Table 5. Comparisons of CorLoc (%) on Object Discovery dataset.
Table 6. Comparisons of P and J (%) on Object Discovery dataset.
In Table 5, we can observe that, as compared with the co-segmentation methods, the UnsupOD obtains a significant improvement, i.e., 5.48% [21], 22.62% [19], 29.29% [17], and 67.95% [16]. The UnsupOD also outperforms the co-localization method [11] by 4.06% (76.58% vs. 80.64%). In particular, on the horse category, which is the most challenging subcategory due to multi-objects and complex background, the UnsupOD achieves the best performance when compared with all other methods. The experimental results demonstrate that the UnsupOD is robust to the complex scenarios.
Table 6 summarizes the comparison on the segmentation mask. Generally, the segmentation task is more challenging than the localization task, because the former not only need to find the location of the objects, but also need to obtain their refined shape masks. When compared with the other co-segmentation methods, the UnsupOD obtains the best results in all three categories, according to both P and J metrics.

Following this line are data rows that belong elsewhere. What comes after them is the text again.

lemma mult_E_orthogonal:
  assumes g: "g \<in> G" and k: "k \<in> G" and "tgt g \<noteq> tgt k" and a: "a \<in> E g" and b: "b \<in> E k"
  shows "a * b = 0"
proof -
  have "a * b \<in> E (tgt g)" using mult_right_mem_E[OF g a] E_tgt[OF g] by simp
  moreover have "a * b \<in> E (tgt k)" using mult_left_mem_E[OF k b] E_tgt[OF k] by simp
  ultimately show ?thesis using E_idents_disjoint tgt_in_idents g k assms(3) by blast
qed

lemma sum_mult_one_idents: "(\<Sum>e\<in>G0. a * one e) = a"
proof -
  obtain f where f: "\<forall>e\<in>G0. f e \<in> E e" "a = sum f G0" using E_decomposition[of a] by blast
  have "a * one e = f e" if e: "e \<in> G0" for e
  proof -
    have eG: "e \<in> G" using e idents_subset by blast
    have "f e' * one e = (if e' = e then f e else 0)" if e': "e' \<in> G0" for e'
    proof (cases "e' = e")
      case True thus ?thesis using mult_one_E[OF eG] f(1) e by simp
    next
      case False
      then have "tgt e' \<noteq> tgt e" using tgt_ident e e' by simp
      with False show ?thesis
        using mult_E_orthogonal[OF _ eG _ f(1)[rule_format, OF e'] one_mem_E[OF eG]] e' idents_subset
        by auto
    qed
    then have "a * one e = (\<Sum>e'\<in>G0. if e' = e then f e else 0)"
      using f(2) by (simp add: sum_distrib_right)
    also have "\<dots> = f e" using e finite_idents by (simp add: sum.delta')
    finally show ?thesis .
  qed
  then show ?thesis using f(2) by simp
qed

lemma beta_mem_E: "g \<in> G \<Longrightarrow> a \<in> E (ginv g) \<Longrightarrow> \<beta> g a \<in> E g"
  using beta_iso unfolding kalg_iso_def bij_betw_def by blast

lemma beta_add:
  "g \<in> G \<Longrightarrow> a \<in> E (ginv g) \<Longrightarrow> b \<in> E (ginv g) \<Longrightarrow> \<beta> g (a + b) = \<beta> g a + \<beta> g b"
  using beta_iso unfolding kalg_iso_def by blast

lemma beta_mult:
  "g \<in> G \<Longrightarrow> a \<in> E (ginv g) \<Longrightarrow> b \<in> E (ginv g) \<Longrightarrow> \<beta> g (a * b) = \<beta> g a * \<beta> g b"
  using beta_iso unfolding kalg_iso_def by blast

lemma beta_inj:
  "g \<in> G \<Longrightarrow> a \<in> E (ginv g) \<Longrightarrow> b \<in> E (ginv g) \<Longrightarrow> \<beta> g a = \<beta> g b \<Longrightarrow> a = b"
  using beta_iso unfolding kalg_iso_def bij_betw_def inj_on_def by blast

lemma beta_surj: "g \<in> G \<Longrightarrow> b \<in> E g \<Longrightarrow> \<exists>a\<in>E (ginv g). \<beta> g a = b"
  using beta_iso unfolding kalg_iso_def bij_betw_def by (metis imageE)

lemma beta_zero: assumes g: "g \<in> G" shows "\<beta> g 0 = 0"
proof -
  have "0 \<in> E (ginv g)" using zero_mem_E inv_closed g by blast
  from beta_add[OF g this this] show ?thesis by simp
qed

lemma beta_one: assumes g: "g \<in> G" shows "\<beta> g (one (ginv g)) = one g"
proof -
  have gi: "ginv g \<in> G" using inv_closed g .
  obtain a where a: "a \<in> E (ginv g)" "\<beta> g a = one g" using beta_surj[OF g one_mem_E[OF g]] by blast
  have "\<beta> g (one (ginv g)) = \<beta> g (one (ginv g)) * one g"
    using mult_one_E[OF g beta_mem_E[OF g one_mem_E[OF gi]]] by simp
  also have "\<dots> = \<beta> g (one (ginv g) * a)" using beta_mult[OF g one_mem_E[OF gi] a(1)] a(2) by simp
  also have "\<dots> = one g" using one_mult_E[OF gi a(1)] a(2) by simp
  finally show ?thesis .
qed

lemma beta_sum:
  assumes g: "g \<in> G"
  shows "finite A \<Longrightarrow> (\<And>i. i \<in> A \<Longrightarrow> f i \<in> E (ginv g)) \<Longrightarrow> \<beta> g (sum f A) = (\<Sum>i\<in>A. \<beta> g (f i))"
proof (induction A rule: finite_induct)
  case empty thus ?case using beta_zero[OF g] by simp
next
  case (insert a A)
  have "sum f A \<in> E (ginv g)" using sum_mem_E[OF inv_closed[OF g]] insert by auto
  thus ?case using insert beta_add[OF g] by simp
qed

lemma beta_inv_beta: assumes g: "g \<in> G" and a: "a \<in> E (ginv g)" shows "\<beta> (ginv g) (\<beta> g a) = a"
proof -
  have gi: "ginv g \<in> G" using inv_closed g .
  have "\<beta> (ginv g) (\<beta> g a) = \<beta> (src g) a"
    using beta_beta[OF gi g _ a] src_inv[OF g] by (simp add: gdom_def)
  also have "\<dots> = a"
    using beta_ident src_in_idents[OF g] a E_tgt[OF gi] tgt_inv[OF g] by simp
  finally show ?thesis .
qed

lemma one_idem: "g \<in> G \<Longrightarrow> one g * one g = one g"
  using one_mult_E one_mem_E by blast

lemma mult_one_mult_one: "g \<in> G \<Longrightarrow> (a * one g) * (b * one g) = a * b * one g"
  by (metis mult.assoc one_commute one_idem)

lemma beta_mult_one:
  assumes g: "g \<in> G"
  shows "\<beta> g (a * b * one (ginv g)) = \<beta> g (a * one (ginv g)) * \<beta> g (b * one (ginv g))"
proof -
  have gi: "ginv g \<in> G" using inv_closed g .
  show ?thesis
    using beta_mult[OF g mult_one_mem_E[OF gi] mult_one_mem_E[OF gi]] mult_one_mult_one[OF gi] by simp
qed

definition trace :: "'g set \<Rightarrow> 'r \<Rightarrow> 'r" where
  "trace H a = (\<Sum>h\<in>H. \<beta> h (a * one (ginv h)))"

lemma beta_mult_one_mem_E: "h \<in> G \<Longrightarrow> \<beta> h (a * one (ginv h)) \<in> E h"
  using beta_mem_E mult_one_mem_E inv_closed by blast

lemma trace_mult_one:
  assumes k: "k \<in> G" and H: "H \<subseteq> G"
  shows "trace H a * one k = (\<Sum>h\<in>{h\<in>H. tgt h = tgt k}. \<beta> h (a * one (ginv h)))"
proof -
  have "\<beta> h (a * one (ginv h)) * one k = (if tgt h = tgt k then \<beta> h (a * one (ginv h)) else 0)"
    if "h \<in> H" for h
  proof -
    have h: "h \<in> G" using that H by blast
    show ?thesis
    proof (cases "tgt h = tgt k")
      case True
      then have "\<beta> h (a * one (ginv h)) \<in> E k"
        using beta_mult_one_mem_E[OF h] E_tgt[OF h] E_tgt[OF k] by simp
      with True show ?thesis using mult_one_E[OF k] by simp
    next
      case False
      then show ?thesis
        using mult_E_orthogonal[OF h k False beta_mult_one_mem_E[OF h] one_mem_E[OF k]] by simp
    qed
  qed
  then have "trace H a * one k = (\<Sum>h\<in>H. if tgt h = tgt k then \<beta> h (a * one (ginv h)) else 0)"
    unfolding trace_def sum_distrib_right by (rule sum.cong[OF refl])
  also have "\<dots> = (\<Sum>h\<in>{h\<in>H. tgt h = tgt k}. \<beta> h (a * one (ginv h)))"
    using finite_subset[OF H finite_G] by (simp add: sum.inter_filter)
  finally show ?thesis .
qed

lemma beta_trace_summand:
  assumes k: "k \<in> G" and h: "h \<in> G" and "tgt h = src k"
  shows "\<beta> k (\<beta> h (a * one (ginv h))) = \<beta> (mult k h) (a * one (ginv (mult k h)))"
proof -
  have "one (ginv (mult k h)) = one (ginv h)"
    using one_inv[OF h] one_inv[OF mult_closed[OF k h]] src_mult[OF k h] assms(3) by simp
  then show ?thesis
    using beta_beta[OF k h assms(3)[symmetric] mult_one_mem_E[OF inv_closed[OF h]]] by simp
qed

text \<open>Applying \<open>\<beta>_k\<close> to the part of the trace over arrows ending at the source of k
  permutes it, by left translation, onto the part over arrows ending at the target of k.\<close>
lemma trace_mem_fixring:
  assumes H: "subgroupoid G mult ginv H"
  shows "trace H a \<in> fixring ginv one \<beta> H"
  unfolding fixring_def
proof (intro CollectI ballI)
  fix k assume kH: "k \<in> H"
  have HG: "H \<subseteq> G" using H unfolding subgroupoid_def by blast
  have k: "k \<in> G" and ki: "ginv k \<in> G" using kH HG inv_closed by auto
  define T where "T h = \<beta> h (a * one (ginv h))" for h
  define A where "A = {h\<in>H. tgt h = src k}"
  have finA: "finite A" using finite_subset[OF HG finite_G] unfolding A_def by simp
  have T_mem: "T h \<in> E (ginv k)" if "h \<in> A" for h
  proof -
    have h: "h \<in> G" and "tgt h = src k" using that HG unfolding A_def by auto
    then show ?thesis
      using beta_mult_one_mem_E[OF h] E_tgt[OF h] E_tgt[OF ki] tgt_inv[OF k] unfolding T_def by simp
  qed
  have "\<beta> k (trace H a * one (ginv k)) = \<beta> k (sum T A)"
    using trace_mult_one[OF ki HG] tgt_inv[OF k] unfolding T_def A_def by simp
  also have "\<dots> = (\<Sum>h\<in>A. \<beta> k (T h))" using beta_sum[OF k finA T_mem] .
  also have "\<dots> = (\<Sum>h\<in>A. T (mult k h))"
    using beta_trace_summand[OF k] HG unfolding A_def T_def by (intro sum.cong) auto
  also have "\<dots> = (\<Sum>l\<in>{l\<in>H. tgt l = tgt k}. T l)"
    using sum.reindex_bij_betw[OF bij_betw_mult_left[OF H kH]] unfolding A_def .
  also have "\<dots> = trace H a * one k" using trace_mult_one[OF k HG] unfolding T_def by simp
  finally show "\<beta> k (trace H a * one (ginv k)) = trace H a * one k" .
qed

end

locale galois_coordinates = unital_groupoid_action G mult ginv smult E one \<beta>
  for G :: "'g set" and mult :: "'g \<Rightarrow> 'g \<Rightarrow> 'g" and ginv :: "'g \<Rightarrow> 'g"
    and smult :: "'k::comm_ring_1 \<Rightarrow> 'r::ring_1 \<Rightarrow> 'r"
    and E :: "'g \<Rightarrow> 'r set" and one :: "'g \<Rightarrow> 'r" and \<beta> :: "'g \<Rightarrow> 'r \<Rightarrow> 'r" +
  fixes m :: nat and x :: "nat \<Rightarrow> 'r" and y :: "nat \<Rightarrow> 'r"
  assumes coordinates:
    "g \<in> G \<Longrightarrow> (\<Sum>i<m. x i * \<beta> g (y i * one (ginv g))) = (if g \<in> G0 then one g else 0)"
begin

The excellent performance on the segmentation task further verifies the capability of our UnsupOD model.
Figure 4 shows a qualitative comparison. We randomly select two images for each category and display their corresponding segmentation mask. We can see that the co-segmentation methods [16,19,21] can discover objects in relatively simple background, such as the car examples. While the background gets complicated, like the airplane example, they are struggle to handle. On the contrary, the UnsupOD produces high-quality segmentation results with both simple and complex backgrounds. Moreover, our masks are more refined and they capture the shape of objects well, which is manly because the proposed motion-learning-based approach mines the high-level semantic features of objects and learns good visual features for appearance. Figure 5 illustrates more examples of our segmentation results.
Figure 4. Qualitative results on Object Discovery dataset. (a) Input image; (b) segmentation mask, obtained by Joulin et al. [17]; (c) segmentation mask, obtained by Joulin et al. [19]; (d) segmentation mask, obtained by Rubinstein et al. [21]; (e) segmentation mask, obtained by our binary mask model; and (f) ground truth.
Figure 5. Sample results from three classes on Object Discovery dataset. For each image, we show a pair of the original (top) and our segmentation result (bottom).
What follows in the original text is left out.